(Given entries)
+--

(* Let $\alpha>0$ and let $a:\mathbb{R}\to[\alpha,\infty)$ and $f:\mathbb{R}\to\mathbb{R}$ be slowly oscillating. Then the function $F(t):=\int_{-\infty}^te^{-\int_s^ta(r)\,dr}f(s)\,ds$, $t\in\mathbb{R}$, is slowly oscillating.
   Context: In this statement a function $g:\mathbb{R}\to\mathbb{R}$ is called slowly oscillating if it is bounded and continuous (hence uniformly continuous) and for every $\omega\in\mathbb{R}$, $\lim_{|t|\to+\infty}|g(t+\omega)-g(t)|=0$. *)

theory Defs
  imports "HOL-Analysis.Analysis"
begin

definition slowly_oscillating :: "(real \<Rightarrow> real) \<Rightarrow> bool" where
  "slowly_oscillating g \<longleftrightarrow>
     bounded (range g) \<and> continuous_on UNIV g \<and>
     (\<forall>\<omega>::real. ((\<lambda>t. \<bar>g (t + \<omega>) - g t\<bar>) \<longlongrightarrow> 0) at_infinity)"

end

theory Submission
  imports Defs "HOL-Real_Asymp.Real_Asymp"
begin

text \<open>Because \<open>a \<ge> \<alpha> > 0\<close>, the weight \<open>exp (- integral {s..t} a)\<close> is at most
  \<open>exp (-\<alpha> (t - s))\<close>.  Hence \<open>F\<close> is bounded by \<open>sup \<bar>f\<bar> / \<alpha>\<close>, and the contribution of
  \<open>s \<le> t - L\<close> to \<open>F t\<close> is at most \<open>sup \<bar>f\<bar> exp (-\<alpha> L) / \<alpha>\<close>, uniformly in \<open>t\<close>.  So
  \<open>\<bar>F (t + \<omega>) - F t\<bar>\<close> is small as soon as \<open>L\<close> is large and \<open>a\<close>, \<open>f\<close> move little under
  the shift by \<open>\<omega>\<close> on the window \<open>[t - L, t]\<close>: for \<open>\<bar>t\<bar> \<rightarrow> \<infinity>\<close> by slow oscillation, and
  for \<open>\<omega> \<rightarrow> 0\<close> (continuity of \<open>F\<close>) by uniform continuity of \<open>a\<close> and \<open>f\<close> on compacts.\<close>

lemma has_integral_exp_Iic:
  fixes \<alpha> c :: real
  assumes "\<alpha> > 0"
  shows "((\<lambda>s. exp (\<alpha> * s)) has_integral exp (\<alpha> * c) / \<alpha>) {..c}"
proof -
  let ?g = "\<lambda>x::real. exp (- \<alpha> * x)"
  have g: "(?g has_integral exp (\<alpha> * c) / \<alpha>) {-c..}"
    using has_integral_exp_minus_to_infinity[OF assms, of "-c"] by simp
  have "?g absolutely_integrable_on {-c..}"
    by (rule nonnegative_absolutely_integrable_1) (use g in auto)
  moreover have "(\<lambda>x. ?g (-x)) absolutely_integrable_on {..c} \<and>
      integral {..c} (\<lambda>x. ?g (-x)) = exp (\<alpha> * c) / \<alpha> \<longleftrightarrow>
      ?g absolutely_integrable_on {-c..} \<and> integral {-c..} ?g = exp (\<alpha> * c) / \<alpha>"
    by (rule has_absolute_integral_reflect_real) auto
  ultimately have "(\<lambda>s. exp (\<alpha> * s)) absolutely_integrable_on {..c} \<and>
      integral {..c} (\<lambda>s. exp (\<alpha> * s)) = exp (\<alpha> * c) / \<alpha>"
    using g by (simp add: integral_unique)
  then show ?thesis
    using absolutely_integrable_on_def has_integral_integrable_integral by blast
qed

lemma continuous_on_Iic_from_Icc:
  fixes g :: "real \<Rightarrow> 'b::topological_space"
  assumes "\<And>c. c < t \<Longrightarrow> continuous_on {c..t} g"
  shows "continuous_on {..t} g"
  unfolding continuous_on_eq_continuous_within
proof
  fix x assume x: "x \<in> {..t}"
  have "continuous (at x within {x-1..t}) g"
    using assms[of "x-1"] x by (simp add: continuous_on_eq_continuous_within)
  moreover have "at x within {..t} = at x within {x-1..t}"
    by (rule at_within_nhd[where S="{x-1<..}"]) auto
  ultimately show "continuous (at x within {..t}) g" by simp
qed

+--

(Goal of the exercise)
Return only what runs from the line containing "by (rule has_absolute_integral_reflect_real)" to the last line of the records above, both ends included, exactly as written.

(Expected output)
    by (rule has_absolute_integral_reflect_real) auto
  ultimately have "(\<lambda>s. exp (\<alpha> * s)) absolutely_integrable_on {..c} \<and>
      integral {..c} (\<lambda>s. exp (\<alpha> * s)) = exp (\<alpha> * c) / \<alpha>"
    using g by (simp add: integral_unique)
  then show ?thesis
    using absolutely_integrable_on_def has_integral_integrable_integral by blast
qed

lemma continuous_on_Iic_from_Icc:
  fixes g :: "real \<Rightarrow> 'b::topological_space"
  assumes "\<And>c. c < t \<Longrightarrow> continuous_on {c..t} g"
  shows "continuous_on {..t} g"
  unfolding continuous_on_eq_continuous_within
proof
  fix x assume x: "x \<in> {..t}"
  have "continuous (at x within {x-1..t}) g"
    using assms[of "x-1"] x by (simp add: continuous_on_eq_continuous_within)
  moreover have "at x within {..t} = at x within {x-1..t}"
    by (rule at_within_nhd[where S="{x-1<..}"]) auto
  ultimately show "continuous (at x within {..t}) g" by simp
qed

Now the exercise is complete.